I expect research is all those things I do all the time, I’m always looking at books for inspiration, books about art art movements books about ethnography the thing is I’m so used to doing this but I don’t really reference it in a written form I’m sure you can see the subconscious influences in my art practice. anyway through my research and. the way I’m currently working I found myself taking an interest in. the working practice of Henry Moore.
I have to be honest I have never really been that interested in the work of Henry Moore, maybe that’s because his work had become so much a part of the 20th century landscape, but strangely whilst carving out my mortar sculptures Hallie Moore has been in my mind, mainly because of a book I came across at a friends house many years ago. So. I tracked this book down to is called Henry Moore my ideas, inspiration and life as an artist written by Henry Moore with photos by John Hedgecoe.

It is full of photos of the artist influences and photos of Moore at work in his cluttered studio What he writes is also very interesting and helps to inspire me.
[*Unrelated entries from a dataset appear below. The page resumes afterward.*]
lemma summable_gevrey_growth_mult:
  fixes c d :: "nat \<Rightarrow> real"
  assumes "gevrey_growth \<sigma> d" "\<sigma> < 2" "0 \<le> A"
    and c: "\<And>n. \<bar>c n\<bar> \<le> D * A ^ n / fact (2 * n)"
  shows "summable (\<lambda>n. c n * d n)"
proof -
  obtain C B where CB: "0 \<le> C" "0 \<le> B" and d: "\<And>n. \<bar>d n\<bar> \<le> C * B ^ n * fact n powr \<sigma>"
    using assms(1) unfolding gevrey_growth_def by blast
  show ?thesis
  proof (rule summable_comparison_test)
    show "summable (\<lambda>n. (D * C) * ((A * B) ^ n * fact n powr \<sigma> / fact (2 * n)))"
      using assms CB by (intro summable_mult summable_power_fact_powr_div_fact_double) auto
    have "\<bar>c n * d n\<bar> \<le> D * A ^ n / fact (2 * n) * (C * B ^ n * fact n powr \<sigma>)" for n
      unfolding abs_mult using c[of n] by (intro mult_mono d) auto
    then show "\<exists>N. \<forall>n\<ge>N. norm (c n * d n) \<le> (D * C) * ((A * B) ^ n * fact n powr \<sigma> / fact (2 * n))"
      by (simp add: power_mult_distrib mult_ac)
  qed
qed

lemma summable_gevrey_growth_mult_sum:
  fixes c :: "nat \<Rightarrow> nat \<Rightarrow> real" and d :: "nat \<Rightarrow> real"
  assumes "gevrey_growth \<sigma> d" "\<sigma> < 2" "0 \<le> A"
    and c: "\<And>n k. k \<le> n \<Longrightarrow> \<bar>c n k\<bar> \<le> D * A ^ n / fact (2 * n)"
  shows "summable (\<lambda>n. \<Sum>k\<le>n. c n k * d n)"
proof -
  have "\<bar>\<Sum>k\<le>n. c n k\<bar> \<le> D * (2 * A) ^ n / fact (2 * n)" for n
  proof -
    have D: "0 \<le> D * A ^ n / fact (2 * n)"
      using c[of 0 n] by linarith
    have "\<bar>\<Sum>k\<le>n. c n k\<bar> \<le> (\<Sum>k\<le>n. D * A ^ n / fact (2 * n))"
      using c by (intro sum_abs[THEN order_trans] sum_mono) auto
    also have "\<dots> = (real n + 1) * (D * A ^ n / fact (2 * n))"
      by simp
    also have "\<dots> \<le> 2 ^ n * (D * A ^ n / fact (2 * n))"
      using D by (intro mult_right_mono real_add_one_le_two_power)
    finally show ?thesis by (simp add: power_mult_distrib mult_ac)
  qed
  then have "summable (\<lambda>n. (\<Sum>k\<le>n. c n k) * d n)"
    using assms by (intro summable_gevrey_growth_mult[where A = "2 * A"]) auto
  then show ?thesis by (simp add: sum_distrib_right)
qed

lemma fact_add_le_power2_mult_fact:
  "(fact (p + q) :: real) \<le> 2 ^ (p + q) * fact p * fact q"
proof -
  have "(fact (p + q) :: nat) = fact p * fact q * ((p + q) choose p)"
    using binomial_fact_lemma[of p "p + q"] by simp
  also have "\<dots> \<le> fact p * fact q * 2 ^ (p + q)"
    using binomial_le_pow2 by simp
  finally have "(fact (p + q) :: nat) \<le> 2 ^ (p + q) * fact p * fact q"
    by (simp add: mult_ac)
  then show ?thesis
    by (metis (mono_tags) of_nat_fact of_nat_le_iff of_nat_mult of_nat_numeral of_nat_power)
qed

lemma cross_term_bound:
  fixes a b R :: real
  assumes "\<bar>a\<bar> \<le> R" "\<bar>b\<bar> \<le> R" "1 \<le> R" "2 * n \<le> p + q" "p + q \<le> 2 * n + 2"
  shows "\<bar>a ^ p * b ^ q / (fact p * fact q)\<bar> \<le> 4 * R\<^sup>2 * (4 * R\<^sup>2) ^ n / fact (2 * n)"
proof -
  have "\<bar>a ^ p * b ^ q\<bar> \<le> R ^ p * R ^ q"
    unfolding abs_mult power_abs using assms by (intro mult_mono power_mono) auto
  also have "\<dots> = R ^ (p + q)"
    by (simp add: power_add)
  finally have num: "\<bar>a ^ p * b ^ q\<bar> * 2 ^ (p + q) \<le> (2 * R) ^ (p + q)"
    by (simp add: power_mult_distrib)
  have "\<bar>a ^ p * b ^ q / (fact p * fact q)\<bar> = \<bar>a ^ p * b ^ q\<bar> * 2 ^ (p + q) / (2 ^ (p + q) * fact p * fact q)"
    by (simp add: abs_mult)
  also have "\<dots> \<le> (2 * R) ^ (p + q) / fact (p + q)"
    using num fact_add_le_power2_mult_fact[of p q] by (intro frac_le) auto
  also have "\<dots> \<le> (2 * R) ^ (2 * n + 2) / fact (2 * n)"
    using assms by (intro frac_le power_increasing fact_mono) auto
  also have "\<dots> = 4 * R\<^sup>2 * (4 * R\<^sup>2) ^ n / fact (2 * n)"
    by (simp add: power_add power_mult power_mult_distrib power2_eq_square)
  finally show ?thesis .
qed

lemma summable_crossed_series:
  fixes a b :: real
  assumes "gevrey_growth \<sigma> d" "\<sigma> < 2" "p + q \<le> 2"
  shows "summable (\<lambda>n. \<Sum>k\<le>n.
           a ^ (2 * k + p) * b ^ (2 * (n - k) + q) / (fact (2 * k + p) * fact (2 * (n - k) + q)) * d n)"
proof -
  define R where "R = max 1 (max \<bar>a\<bar> \<bar>b\<bar>)"
  have R: "\<bar>a\<bar> \<le> R" "\<bar>b\<bar> \<le> R" "1 \<le> R"
    unfolding R_def by auto
  show ?thesis
    using assms(3)
    by (intro summable_gevrey_growth_mult_sum[OF assms(1,2), where A = "4 * R\<^sup>2" and D = "4 * R\<^sup>2"]
        cross_term_bound[OF R]) auto
qed

lemma summable_crossed_combination:
  fixes k0 k1 a b :: real
  assumes "gevrey_growth \<sigma> d" "\<sigma> < 2"
  shows "summable (\<lambda>n. \<Sum>k\<le>n.
            (k0 * k1 * a^(2*k+1) * b^(2*(n-k)+1) / (fact (2*k+1) * fact (2*(n-k)+1))
             - k0 * a^(2*k+1) * b^(2*(n-k)) / (fact (2*k+1) * fact (2*(n-k)))
             + k1 * a^(2*k) * b^(2*(n-k)+1) / (fact (2*k) * fact (2*(n-k)+1))
             - a^(2*k) * b^(2*(n-k)) / (fact (2*k) * fact (2*(n-k)))) * d n)"
proof -
  define S where "S p q n =
    (\<Sum>k\<le>n. a ^ (2 * k + p) * b ^ (2 * (n - k) + q) / (fact (2 * k + p) * fact (2 * (n - k) + q)) * d n)"
    for p q n
  have "summable (S p q)" if "p + q \<le> 2" for p q
    unfolding S_def using summable_crossed_series[OF assms that] .
  then have "summable (\<lambda>n. k0 * k1 * S 1 1 n - k0 * S 1 0 n + k1 * S 0 1 n - S 0 0 n)"
    by (intro summable_diff summable_add summable_mult) auto
  moreover have "(\<Sum>k\<le>n.
            (k0 * k1 * a^(2*k+1) * b^(2*(n-k)+1) / (fact (2*k+1) * fact (2*(n-k)+1))
             - k0 * a^(2*k+1) * b^(2*(n-k)) / (fact (2*k+1) * fact (2*(n-k)))
             + k1 * a^(2*k) * b^(2*(n-k)+1) / (fact (2*k) * fact (2*(n-k)+1))
             - a^(2*k) * b^(2*(n-k)) / (fact (2*k) * fact (2*(n-k)))) * d n)
      = k0 * k1 * S 1 1 n - k0 * S 1 0 n + k1 * S 0 1 n - S 0 0 n" for n
    unfolding S_def sum_distrib_left sum_subtractf[symmetric] sum.distrib[symmetric]
    by (intro sum.cong refl) (simp add: algebra_simps)
  ultimately show ?thesis
    by simp
qed

lemma summable_gevrey_growth_div_fact_double:
  assumes "gevrey_growth \<sigma> d" "\<sigma> < 2"
  shows "summable (\<lambda>n. d n / fact (2 * n))" "summable (\<lambda>n. d n / fact (2 * n + 1))"
proof -
  have "(fact (2 * n) :: real) \<le> fact (2 * n + 1)" for n
    by (intro fact_mono) auto
  then have "summable (\<lambda>n. 1 / fact (2 * n + p) * d n)" if "p \<le> 1" for p
    using that by (intro summable_gevrey_growth_mult[OF assms, where A = 1 and D = 1])
      (auto simp: divide_simps elim: le_SucE)
  from this[of 0] this[of 1] show "summable (\<lambda>n. d n / fact (2 * n))" "summable (\<lambda>n. d n / fact (2 * n + 1))"
    by simp_all
qed

theorem proposition3:
  fixes m :: nat and xs :: "nat \<Rightarrow> real" and k0 k1 \<sigma> :: real
    and ybar :: "nat \<Rightarrow> real" and \<phi> :: "nat \<Rightarrow> real \<Rightarrow> real"
  assumes x_pos: "m \<ge> 1 \<Longrightarrow> 0 < xs 1"
    and x_lt1: "m \<ge> 1 \<Longrightarrow> xs m < 1"
    and x_mono: "\<And>i. 1 \<le> i \<Longrightarrow> i < m \<Longrightarrow> xs i < xs (Suc i)"
    and sigma: "1 < \<sigma>" "\<sigma> < 2"
    and gev: "\<And>j. j \<in> {1..m} \<Longrightarrow> gevrey \<sigma> (\<phi> j)"
  shows "\<forall>j \<in> {1..m}. \<forall>x \<in> {0<..<1}. \<forall>t::real.
    (let y = (\<lambda>s. ybar j * \<phi> j s); xj = xs j in
     (x < xj \<longrightarrow>
        summable (\<lambda>n. \<Sum>k\<le>n. x^(2*k+1) * (xj-1)^(2*(n-k)+1) / (fact (2*k+1) * fact (2*(n-k)+1)) * (deriv ^^ n) y t) \<and>
        summable (\<lambda>n. \<Sum>k\<le>n. x^(2*k+1) * (xj-1)^(2*(n-k)) / (fact (2*k+1) * fact (2*(n-k))) * (deriv ^^ n) y t) \<and>
        summable (\<lambda>n. \<Sum>k\<le>n. x^(2*k) * (xj-1)^(2*(n-k)+1) / (fact (2*k) * fact (2*(n-k)+1)) * (deriv ^^ n) y t) \<and>
        summable (\<lambda>n. \<Sum>k\<le>n. x^(2*k) * (xj-1)^(2*(n-k)) / (fact (2*k) * fact (2*(n-k))) * (deriv ^^ n) y t) \<and>
        summable (\<lambda>n. \<Sum>k\<le>n.
            (k0 * k1 * x^(2*k+1) * (xj-1)^(2*(n-k)+1) / (fact (2*k+1) * fact (2*(n-k)+1))
             - k0 * x^(2*k+1) * (xj-1)^(2*(n-k)) / (fact (2*k+1) * fact (2*(n-k)))
             + k1 * x^(2*k) * (xj-1)^(2*(n-k)+1) / (fact (2*k) * fact (2*(n-k)+1))
             - x^(2*k) * (xj-1)^(2*(n-k)) / (fact (2*k) * fact (2*(n-k)))) * (deriv ^^ n) y t)) \<and>
     (xj \<le> x \<longrightarrow>
        summable (\<lambda>n. \<Sum>k\<le>n. xj^(2*k+1) * (x-1)^(2*(n-k)+1) / (fact (2*k+1) * fact (2*(n-k)+1)) * (deriv ^^ n) y t) \<and>
        summable (\<lambda>n. \<Sum>k\<le>n. xj^(2*k+1) * (x-1)^(2*(n-k)) / (fact (2*k+1) * fact (2*(n-k))) * (deriv ^^ n) y t) \<and>
        summable (\<lambda>n. \<Sum>k\<le>n. xj^(2*k) * (x-1)^(2*(n-k)+1) / (fact (2*k) * fact (2*(n-k)+1)) * (deriv ^^ n) y t) \<and>
        summable (\<lambda>n. \<Sum>k\<le>n. xj^(2*k) * (x-1)^(2*(n-k)) / (fact (2*k) * fact (2*(n-k))) * (deriv ^^ n) y t) \<and>
        summable (\<lambda>n. \<Sum>k\<le>n.
            (k0 * k1 * xj^(2*k+1) * (x-1)^(2*(n-k)+1) / (fact (2*k+1) * fact (2*(n-k)+1))
             - k0 * xj^(2*k+1) * (x-1)^(2*(n-k)) / (fact (2*k+1) * fact (2*(n-k)))
             + k1 * xj^(2*k) * (x-1)^(2*(n-k)+1) / (fact (2*k) * fact (2*(n-k)+1))
             - xj^(2*k) * (x-1)^(2*(n-k)) / (fact (2*k) * fact (2*(n-k)))) * (deriv ^^ n) y t)) \<and>
     summable (\<lambda>n. (deriv ^^ n) y t / fact (2*n+1)) \<and>
     summable (\<lambda>n. (deriv ^^ n) y t / fact (2*n)) \<and>
     summable (\<lambda>n. (deriv ^^ (Suc n)) y t / fact (2*n+1)))"
proof -
  have growth: "gevrey_growth \<sigma> (\<lambda>n. (deriv ^^ n) (\<lambda>s. ybar j * \<phi> j s) t)"
    if "j \<in> {1..m}" for j t
  proof -
    have "gevrey \<sigma> (\<phi> j)"
      using gev that .
    then have "gevrey_growth \<sigma> (\<lambda>n. ybar j * (deriv ^^ n) (\<phi> j) t)"
      using sigma by (intro gevrey_growth_cmult gevrey_growth_deriv_iter) auto
    then show ?thesis
      using \<open>gevrey \<sigma> (\<phi> j)\<close> by (simp add: gevrey_def deriv_iter_cmult)
  qed
  have growth_Suc: "gevrey_growth \<sigma> (\<lambda>n. (deriv ^^ Suc n) (\<lambda>s. ybar j * \<phi> j s) t)"
    if "j \<in> {1..m}" for j t
    using gevrey_growth_Suc[OF growth[OF that]] sigma by simp
  note crossed = summable_crossed_series[OF growth sigma(2)]
  show ?thesis
    unfolding Let_def
    using crossed[where p = 1 and q = 1] crossed[where p = 1 and q = 0]
      crossed[where p = 0 and q = 1] crossed[where p = 0 and q = 0]
      summable_crossed_combination[OF growth sigma(2)]
      summable_gevrey_growth_div_fact_double[OF growth sigma(2)]
      summable_gevrey_growth_div_fact_double(2)[OF growth_Suc sigma(2)]
    by auto
qed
This small section is rather insightful
“Epstein began to collect African sculptures and he encouraged me to study the primitive and Mexican sculpture at the British Museum, all of which influenced excited me. It was stone sculpture. I liked this active, physical side of sculpture and so began to know and enjoy stone sculpture is a very great excitement.”
I can relate to this as when I start carving out the mortar I get an excitement of what might be revealed from within.
I also liked this bit of writing by by Henry Moore and the nature of masks
“Masks isolate the facial expression, enabling you to concentrate on the face alone. They have, of course, been used throughout history, particularly as theatrical devices. Although the back of the head can be as beautiful and as interesting to sculptor, it can’t be as expressive, in the ordinary sense of the word, as the face.”
He then goes on to talk about masks he has sculpted

“In this mask wants to give the eyes tremendous penetration and to make them stare, because it is the eyes which most easily express human emotion. In other masks, I used the asymmetrical principle in which one eye is quite different from the other, and the mouth is at an angle bringing back the balance. I had noticed this in some of the Mexican masks, and I began to find it in reality in all faces.
And as I began to find out that, in nature, living things, because of the effect of their environments, are never perfectly symmetrical, this principle became fundamental to my work. You will find in everyone’s face that one eye is different from the other, or the mouth is not quite horizontal, one nostril is a little higher than the other, the forehead comes out a little further on one side than the other.
And it is when you come to look at a person’s face with acute observation that you will find these many small variations that make all the difference between a really sensitive portrait and a dull one.”
This section made a lot of sense to me, for many years I’ve tried to gain a form of symmetry within my work but somehow always seemed to fail, in some ways Moore validates the lack of symmetry as this makes a piece of work more human and helps it to gain a spark of life, now when I am stressing out over head carving not looking symmetrical and will keep his words in mind.